::: RECORDS FOR THIS EXERCISE

(* Let $v>0$, $q>0$ and let $\kappa\ge -q/4$ be real; put $s=\frac12+\sqrt{\frac{\kappa}{q}+\frac14}$. For each integer $n\ge0$ with $n+s<\sqrt{v/q}$, the function $$\psi_n(r)=e^{-\left(\frac{v}{2q(n+s)}-\frac{n+s}{2}\right)r}\left(1-q\,e^{-r}\right)^{s}\;{}_2F_1\!\left(-n,\,s+\frac{v}{q(n+s)};\,1-n-s+\frac{v}{q(n+s)};\,q\,e^{-r}\right)$$ satisfies, on $r\in(\log q,\infty)$, $$-\psi_n''(r)+\left(\frac{\kappa\,e^{-r}}{(1-q\,e^{-r})^2}-\frac{v\,e^{-r}}{1-q\,e^{-r}}\right)\psi_n(r)=\mathfrak E_n\,\psi_n(r),\qquad \mathfrak E_n=-\left(\frac{v}{2q(n+s)}-\frac{n+s}{2}\right)^2,$$ together with $\psi_n(\log q)=\psi_n(\infty)=0$. In particular, for $\kappa=q\,j(j+1)$ with $j\in\{0,1,2,\dots\}$ one has $s=j+1$ and $\mathfrak E_n=-\left(\frac{v}{2q(n+j+1)}-\frac{n+j+1}{2}\right)^2$.
   Context: ${}_2F_1(\alpha,\beta;\gamma;z)=\sum_{k\ge0}\frac{(\alpha)_k(\beta)_k}{(\gamma)_k k!}z^k$ is the Gauss hypergeometric function, with $(a)_k$ the Pochhammer symbol; for $\alpha=-n$ it is a polynomial in $z$. *)

theory Defs
  imports "HOL-Analysis.Analysis"
begin

text \<open>Gauss hypergeometric function as its defining power series
  (for a = -n only finitely many terms are nonzero, so it is a polynomial).\<close>
definition hyp2F1 :: "real \<Rightarrow> real \<Rightarrow> real \<Rightarrow> real \<Rightarrow> real" where
  "hyp2F1 a b c z =
     (\<Sum>k. pochhammer a k * pochhammer b k / (pochhammer c k * fact k) * z ^ k)"

definition s_par :: "real \<Rightarrow> real \<Rightarrow> real" where
  "s_par q \<kappa> = 1/2 + sqrt (\<kappa> / q + 1/4)"

definition E_n :: "real \<Rightarrow> real \<Rightarrow> real \<Rightarrow> nat \<Rightarrow> real" where
  "E_n v q \<kappa> n = - ((v / (2 * q * (n + s_par q \<kappa>)) - (n + s_par q \<kappa>) / 2) ^ 2)"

::::::

_TO DO:_
The reply must present every entry, transcribed with its exact wording.

_WORKED SOLUTION:_
(* Let $v>0$, $q>0$ and let $\kappa\ge -q/4$ be real; put $s=\frac12+\sqrt{\frac{\kappa}{q}+\frac14}$. For each integer $n\ge0$ with $n+s<\sqrt{v/q}$, the function $$\psi_n(r)=e^{-\left(\frac{v}{2q(n+s)}-\frac{n+s}{2}\right)r}\left(1-q\,e^{-r}\right)^{s}\;{}_2F_1\!\left(-n,\,s+\frac{v}{q(n+s)};\,1-n-s+\frac{v}{q(n+s)};\,q\,e^{-r}\right)$$ satisfies, on $r\in(\log q,\infty)$, $$-\psi_n''(r)+\left(\frac{\kappa\,e^{-r}}{(1-q\,e^{-r})^2}-\frac{v\,e^{-r}}{1-q\,e^{-r}}\right)\psi_n(r)=\mathfrak E_n\,\psi_n(r),\qquad \mathfrak E_n=-\left(\frac{v}{2q(n+s)}-\frac{n+s}{2}\right)^2,$$ together with $\psi_n(\log q)=\psi_n(\infty)=0$. In particular, for $\kappa=q\,j(j+1)$ with $j\in\{0,1,2,\dots\}$ one has $s=j+1$ and $\mathfrak E_n=-\left(\frac{v}{2q(n+j+1)}-\frac{n+j+1}{2}\right)^2$.
   Context: ${}_2F_1(\alpha,\beta;\gamma;z)=\sum_{k\ge0}\frac{(\alpha)_k(\beta)_k}{(\gamma)_k k!}z^k$ is the Gauss hypergeometric function, with $(a)_k$ the Pochhammer symbol; for $\alpha=-n$ it is a polynomial in $z$. *)

theory Defs
  imports "HOL-Analysis.Analysis"
begin

text \<open>Gauss hypergeometric function as its defining power series
  (for a = -n only finitely many terms are nonzero, so it is a polynomial).\<close>
definition hyp2F1 :: "real \<Rightarrow> real \<Rightarrow> real \<Rightarrow> real \<Rightarrow> real" where
  "hyp2F1 a b c z =
     (\<Sum>k. pochhammer a k * pochhammer b k / (pochhammer c k * fact k) * z ^ k)"

definition s_par :: "real \<Rightarrow> real \<Rightarrow> real" where
  "s_par q \<kappa> = 1/2 + sqrt (\<kappa> / q + 1/4)"

definition E_n :: "real \<Rightarrow> real \<Rightarrow> real \<Rightarrow> nat \<Rightarrow> real" where
  "E_n v q \<kappa> n = - ((v / (2 * q * (n + s_par q \<kappa>)) - (n + s_par q \<kappa>) / 2) ^ 2)"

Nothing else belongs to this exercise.